Jason Fife

No. 11, 12
- Position: Quarterback

Personal information
- Born: January 23, 1981 (age 44) San Bernardino, California, U.S.
- Height: 6 ft 4 in (1.93 m)
- Weight: 225 lb (102 kg)

Career information
- College: Oregon
- NFL draft: 2004: undrafted

Career history
- Detroit Lions (2004)*; Minnesota Vikings (2005)*; Rhein Fire (2005); Las Vegas Gladiators (2006); New Orleans Saints (2006); Washington Redskins (2007)*; Dallas Desperados (2008);
- * Offseason and/or practice squad member only

Career Arena League statistics
- Comp. / Att.: 206 / 357
- Passing yards: 2,219
- TD–INT: 40-13
- QB rating: 88.91
- Rushing TD: 12
- Stats at ArenaFan.com

= Jason Fife =

American football player (born 1981)

Jason Fife (born January 23, 1981) is an American former professional football player who was a quarterback in the Arena Football League (AFL). He played college football for the Oregon Ducks and was signed as an undrafted free agent by the Detroit Lions of the National Football League (NFL) in 2004.

==College career==
Fife played college football at the University of Oregon, backing up Joey Harrington until Harrington left for the 2002 NFL draft and Fife became the starter. In 2002 Fife was ranked the #2 QB in the nation.

On September 20, 2003, Fife, sharing QB duties with Kellen Clemens, helped lead the 22nd-ranked Ducks in an upset of the then-third-ranked Michigan Wolverines. Fife's second-quarter 15-yard touchdown run became the cover of Sports Illustrated in the September 29th issue.

==Professional career==
Fife was not drafted in the 2004 NFL draft. He signed with the Detroit Lions as a free agent, but was cut from the team during training camp.

Fife was on the practice squad for the New Orleans Saints from 2006 to 2007. In December 2007, he joined the Washington Redskins' practice squad.

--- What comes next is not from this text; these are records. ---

lemma qr_eigenfunction_riccati_identity:
  assumes ef: "qr_eigenfunction \<tau> \<alpha> \<beta> \<phi> lam w a b" and w: "w = (\<lambda>x. poly p x / poly q x)"
    and "q \<noteq> 0" and "\<tau> \<noteq> 0"
  shows "riccati_identity \<alpha> \<beta> \<tau> lam p q"
  unfolding riccati_identity_def
proof (rule poly_eq_if_infinite_agree)
  define Z where "Z = q * \<tau> * [:-1, 0, 1:]"
  have "Z \<noteq> 0"
    unfolding Z_def mult_eq_0_iff using assms by simp
  moreover have "a < b"
    using ef by (simp add: qr_eigenfunction_def)
  ultimately have "infinite ({a<..<b} - {x. poly Z x = 0})"
    using poly_roots_finite by (intro Diff_infinite_finite) auto
  moreover have "{a<..<b} - {x. poly Z x = 0} \<subseteq>
      {x. poly (riccati_poly \<alpha> \<beta> p q * \<tau>\<^sup>2 + gauge_poly \<tau> * q\<^sup>2) x
        = poly (smult lam ([:0, 0, 1:] * q\<^sup>2 * \<tau>\<^sup>2)) x}"
  proof safe
    fix x assume x: "x \<in> {a<..<b}" and "poly Z x \<noteq> 0"
    then have "poly q x \<noteq> 0" "poly \<tau> x \<noteq> 0" "x \<noteq> 1" "x \<noteq> -1"
      by (auto simp: Z_def)
    then show "poly (riccati_poly \<alpha> \<beta> p q * \<tau>\<^sup>2 + gauge_poly \<tau> * q\<^sup>2) x
        = poly (smult lam ([:0, 0, 1:] * q\<^sup>2 * \<tau>\<^sup>2)) x"
      using arg_cong[OF qr_eigenfunction_riccati_equation[OF ef w x, unfolded regular_pt_def],
          of "\<lambda>r. x\<^sup>2 * (poly q x)\<^sup>2 * (poly \<tau> x)\<^sup>2 * r"]
      by (simp add: poly_riccati_poly poly_gauge_poly w algebra_simps power2_eq_square)
  qed
  ultimately show "infinite {x. poly (riccati_poly \<alpha> \<beta> p q * \<tau>\<^sup>2 + gauge_poly \<tau> * q\<^sup>2) x
      = poly (smult lam ([:0, 0, 1:] * q\<^sup>2 * \<tau>\<^sup>2)) x}"
    using finite_subset by blast
qed

lemma qr_eigenfunction_proper_fraction:
  assumes ef: "qr_eigenfunction \<tau> \<alpha> \<beta> \<phi> lam w a b" and "\<tau> \<noteq> 0"
  obtains p q where "w = (\<lambda>x. poly p x / poly q x)" and "degree p < degree q"
proof -
  obtain p q where "q \<noteq> 0" and w: "w = (\<lambda>x. poly p x / poly q x)"
    using ef by (auto simp: qr_eigenfunction_def rational_fun_def)
  show ?thesis
  proof (cases "p = 0")
    case True
    with w show ?thesis
      by (intro that[of 0 "[:0, 1:]"]) auto
  next
    case False
    with w show ?thesis
      using riccati_identity_degree_less[OF
          qr_eigenfunction_riccati_identity[OF ef w \<open>q \<noteq> 0\<close> \<open>\<tau> \<noteq> 0\<close>] \<open>\<tau> \<noteq> 0\<close>] that
      by blast
  qed
qed

lemma jac_lambda_shifted_degree:
  assumes "i \<in> {1, 2, 3, 4}"
  shows "jac_lambda i (s - mu_degree i \<alpha> \<beta>) \<alpha> \<beta> = s * (s + \<alpha> + \<beta> + 1)"
  using assms by (auto simp: jac_lambda_def mu_degree_def algebra_simps)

Fife also played for a time in the Arena Football League for the Las Vegas Gladiators, and in 2008 with the Dallas Desperados.

==Coaching==
Fife has also coached in various positions for different high school programs. Most recently, he is an assistant coach for the Sheldon High School Fighting Irish football team in Eugene, Oregon.

==Personal life==
Jason is married, and has 4 children, all of which are named after comic book characters. He is now a dentist in Oregon.